| Activity |
Please write out the listing below again in its exact form.

| Task input |
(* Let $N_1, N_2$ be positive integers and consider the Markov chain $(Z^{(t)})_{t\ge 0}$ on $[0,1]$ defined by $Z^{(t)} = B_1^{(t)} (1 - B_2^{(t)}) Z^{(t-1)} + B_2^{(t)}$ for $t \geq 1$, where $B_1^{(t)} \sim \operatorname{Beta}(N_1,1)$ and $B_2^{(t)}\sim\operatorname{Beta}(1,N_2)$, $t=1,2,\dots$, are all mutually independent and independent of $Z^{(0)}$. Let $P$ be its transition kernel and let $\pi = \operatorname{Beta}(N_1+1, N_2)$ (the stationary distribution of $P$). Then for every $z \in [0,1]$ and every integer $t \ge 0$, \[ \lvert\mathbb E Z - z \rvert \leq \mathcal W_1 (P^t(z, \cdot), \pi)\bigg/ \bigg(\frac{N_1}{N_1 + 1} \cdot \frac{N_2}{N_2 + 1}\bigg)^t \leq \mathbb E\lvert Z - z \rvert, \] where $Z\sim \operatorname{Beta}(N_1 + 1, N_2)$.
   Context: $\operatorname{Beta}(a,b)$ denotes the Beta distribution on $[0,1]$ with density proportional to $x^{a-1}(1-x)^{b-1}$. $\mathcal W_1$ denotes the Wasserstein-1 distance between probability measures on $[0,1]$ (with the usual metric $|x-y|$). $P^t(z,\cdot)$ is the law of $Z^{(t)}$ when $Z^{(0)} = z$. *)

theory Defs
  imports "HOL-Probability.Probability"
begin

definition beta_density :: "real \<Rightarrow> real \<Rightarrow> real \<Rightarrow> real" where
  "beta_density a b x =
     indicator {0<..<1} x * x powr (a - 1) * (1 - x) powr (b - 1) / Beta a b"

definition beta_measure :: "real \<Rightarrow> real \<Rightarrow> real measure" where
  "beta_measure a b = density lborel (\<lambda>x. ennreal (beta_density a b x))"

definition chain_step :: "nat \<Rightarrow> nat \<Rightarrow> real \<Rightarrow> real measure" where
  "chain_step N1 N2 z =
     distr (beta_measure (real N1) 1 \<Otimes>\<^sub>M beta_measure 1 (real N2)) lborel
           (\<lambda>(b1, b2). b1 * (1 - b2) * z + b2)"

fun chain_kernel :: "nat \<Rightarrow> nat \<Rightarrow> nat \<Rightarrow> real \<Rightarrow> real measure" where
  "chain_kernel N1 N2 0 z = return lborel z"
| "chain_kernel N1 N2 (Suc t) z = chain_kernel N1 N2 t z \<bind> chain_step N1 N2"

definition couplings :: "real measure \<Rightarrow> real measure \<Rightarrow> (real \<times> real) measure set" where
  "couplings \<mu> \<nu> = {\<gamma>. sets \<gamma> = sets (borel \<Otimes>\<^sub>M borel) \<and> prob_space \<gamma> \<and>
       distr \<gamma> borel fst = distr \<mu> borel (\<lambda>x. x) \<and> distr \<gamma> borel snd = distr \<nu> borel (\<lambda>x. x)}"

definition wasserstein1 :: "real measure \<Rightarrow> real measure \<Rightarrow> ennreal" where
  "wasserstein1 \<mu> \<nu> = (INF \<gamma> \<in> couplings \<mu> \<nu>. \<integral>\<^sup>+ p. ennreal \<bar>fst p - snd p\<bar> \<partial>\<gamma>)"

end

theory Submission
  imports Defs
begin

| Answer space |
(* Let $N_1, N_2$ be positive integers and consider the Markov chain $(Z^{(t)})_{t\ge 0}$ on $[0,1]$ defined by $Z^{(t)} = B_1^{(t)} (1 - B_2^{(t)}) Z^{(t-1)} + B_2^{(t)}$ for $t \geq 1$, where $B_1^{(t)} \sim \operatorname{Beta}(N_1,1)$ and $B_2^{(t)}\sim\operatorname{Beta}(1,N_2)$, $t=1,2,\dots$, are all mutually independent and independent of $Z^{(0)}$. Let $P$ be its transition kernel and let $\pi = \operatorname{Beta}(N_1+1, N_2)$ (the stationary distribution of $P$). Then for every $z \in [0,1]$ and every integer $t \ge 0$, \[ \lvert\mathbb E Z - z \rvert \leq \mathcal W_1 (P^t(z, \cdot), \pi)\bigg/ \bigg(\frac{N_1}{N_1 + 1} \cdot \frac{N_2}{N_2 + 1}\bigg)^t \leq \mathbb E\lvert Z - z \rvert, \] where $Z\sim \operatorname{Beta}(N_1 + 1, N_2)$.
   Context: $\operatorname{Beta}(a,b)$ denotes the Beta distribution on $[0,1]$ with density proportional to $x^{a-1}(1-x)^{b-1}$. $\mathcal W_1$ denotes the Wasserstein-1 distance between probability measures on $[0,1]$ (with the usual metric $|x-y|$). $P^t(z,\cdot)$ is the law of $Z^{(t)}$ when $Z^{(0)} = z$. *)

theory Defs
  imports "HOL-Probability.Probability"
begin

definition beta_density :: "real \<Rightarrow> real \<Rightarrow> real \<Rightarrow> real" where
  "beta_density a b x =
     indicator {0<..<1} x * x powr (a - 1) * (1 - x) powr (b - 1) / Beta a b"

definition beta_measure :: "real \<Rightarrow> real \<Rightarrow> real measure" where
  "beta_measure a b = density lborel (\<lambda>x. ennreal (beta_density a b x))"

definition chain_step :: "nat \<Rightarrow> nat \<Rightarrow> real \<Rightarrow> real measure" where
  "chain_step N1 N2 z =
     distr (beta_measure (real N1) 1 \<Otimes>\<^sub>M beta_measure 1 (real N2)) lborel
           (\<lambda>(b1, b2). b1 * (1 - b2) * z + b2)"

fun chain_kernel :: "nat \<Rightarrow> nat \<Rightarrow> nat \<Rightarrow> real \<Rightarrow> real measure" where
  "chain_kernel N1 N2 0 z = return lborel z"
| "chain_kernel N1 N2 (Suc t) z = chain_kernel N1 N2 t z \<bind> chain_step N1 N2"

definition couplings :: "real measure \<Rightarrow> real measure \<Rightarrow> (real \<times> real) measure set" where
  "couplings \<mu> \<nu> = {\<gamma>. sets \<gamma> = sets (borel \<Otimes>\<^sub>M borel) \<and> prob_space \<gamma> \<and>
       distr \<gamma> borel fst = distr \<mu> borel (\<lambda>x. x) \<and> distr \<gamma> borel snd = distr \<nu> borel (\<lambda>x. x)}"

definition wasserstein1 :: "real measure \<Rightarrow> real measure \<Rightarrow> ennreal" where
  "wasserstein1 \<mu> \<nu> = (INF \<gamma> \<in> couplings \<mu> \<nu>. \<integral>\<^sup>+ p. ennreal \<bar>fst p - snd p\<bar> \<partial>\<gamma>)"

end

theory Submission
  imports Defs
begin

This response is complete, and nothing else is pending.